» **Work instruction**
The data below should be repeated exactly and in full.

BEGIN Information provided

theorem theorem2p8:
  fixes s lam Lam c :: real and \<Omega> :: "'a::euclidean_space set" and u :: "'a \<Rightarrow> real"
  assumes "1/2 < s" "s < 1" "0 < lam" "lam \<le> Lam" "0 < c"
    and "open \<Omega>" "connected \<Omega>"
    and "lsc_on \<Omega> u" "L1_omega s u"
    and "visc_super s lam Lam c \<Omega> u"
    and "\<forall>x. 0 \<le> u x"
  shows "(\<forall>x\<in>\<Omega>. 0 < u x) \<or> (\<forall>x\<in>\<Omega>. u x = 0)"
proof (rule ccontr)
  assume "\<not> ?thesis"
  then obtain x0 x where x0: "x0 \<in> \<Omega>" "u x0 = 0" and x: "x \<in> \<Omega>" "0 < u x"
    using assms(11) by (metis less_eq_real_def)
  define d where "d = dist x0 x / 2"
  obtain r0 where r0: "0 < r0" "cball x0 r0 \<subseteq> \<Omega>"
    using open_contains_cball assms(6) x0(1) by blast
  obtain e0 where e0: "0 < e0" "\<And>z. z \<in> ball x e0 \<Longrightarrow> 0 < u z"
    using lsc_on_pos_ball assms(6,8) x by blast
  define r e where "r = min r0 d" and "e = min e0 d"
  have "0 < d"
    using x0 x by (auto simp: d_def)
  then have "0 < r" "0 < e"
    using r0 e0 by (auto simp: r_def e_def)
  have "ball x e \<inter> ball x0 r = {}"
  proof (intro equals0I)
    fix z assume "z \<in> ball x e \<inter> ball x0 r"
    then have "dist x0 z + dist z x < 2 * d"
      by (auto simp: r_def e_def dist_commute)
    with dist_triangle[of x0 x z] show False
      by (simp add: d_def)
  qed
  have "MminusK s lam Lam (\<lambda>z. if z \<in> ball x0 r then 0 else u z) x0 \<le> 0"
    using assms(10) \<open>0 < r\<close> r0(2) x0(2) assms(11)
    by (intro visc_super_MminusK_cutoff_nonpos) (auto simp: r_def)
  moreover have "0 < MminusK s lam Lam (\<lambda>z. if z \<in> ball x0 r then 0 else u z) x0"
    using assms(1,3,9,11) \<open>0 < r\<close> \<open>0 < e\<close> \<open>ball x e \<inter> ball x0 r = {}\<close> e0(2)
    by (intro MminusK_cutoff_pos) (auto simp: e_def)
  ultimately show False
    by simp
qed

end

END Information provided

» **Answer space**
theorem theorem2p8:
  fixes s lam Lam c :: real and \<Omega> :: "'a::euclidean_space set" and u :: "'a \<Rightarrow> real"
  assumes "1/2 < s" "s < 1" "0 < lam" "lam \<le> Lam" "0 < c"
    and "open \<Omega>" "connected \<Omega>"
    and "lsc_on \<Omega> u" "L1_omega s u"
    and "visc_super s lam Lam c \<Omega> u"
    and "\<forall>x. 0 \<le> u x"
  shows "(\<forall>x\<in>\<Omega>. 0 < u x) \<or> (\<forall>x\<in>\<Omega>. u x = 0)"
proof (rule ccontr)
  assume "\<not> ?thesis"
  then obtain x0 x where x0: "x0 \<in> \<Omega>" "u x0 = 0" and x: "x \<in> \<Omega>" "0 < u x"
    using assms(11) by (metis less_eq_real_def)
  define d where "d = dist x0 x / 2"
  obtain r0 where r0: "0 < r0" "cball x0 r0 \<subseteq> \<Omega>"
    using open_contains_cball assms(6) x0(1) by blast
  obtain e0 where e0: "0 < e0" "\<And>z. z \<in> ball x e0 \<Longrightarrow> 0 < u z"
    using lsc_on_pos_ball assms(6,8) x by blast
  define r e where "r = min r0 d" and "e = min e0 d"
  have "0 < d"
    using x0 x by (auto simp: d_def)
  then have "0 < r" "0 < e"
    using r0 e0 by (auto simp: r_def e_def)
  have "ball x e \<inter> ball x0 r = {}"
  proof (intro equals0I)
    fix z assume "z \<in> ball x e \<inter> ball x0 r"
    then have "dist x0 z + dist z x < 2 * d"
      by (auto simp: r_def e_def dist_commute)
    with dist_triangle[of x0 x z] show False
      by (simp add: d_def)
  qed
  have "MminusK s lam Lam (\<lambda>z. if z \<in> ball x0 r then 0 else u z) x0 \<le> 0"
    using assms(10) \<open>0 < r\<close> r0(2) x0(2) assms(11)
    by (intro visc_super_MminusK_cutoff_nonpos) (auto simp: r_def)
  moreover have "0 < MminusK s lam Lam (\<lambda>z. if z \<in> ball x0 r then 0 else u z) x0"
    using assms(1,3,9,11) \<open>0 < r\<close> \<open>0 < e\<close> \<open>ball x e \<inter> ball x0 r = {}\<close> e0(2)
    by (intro MminusK_cutoff_pos) (auto simp: e_def)
  ultimately show False
    by simp
qed

end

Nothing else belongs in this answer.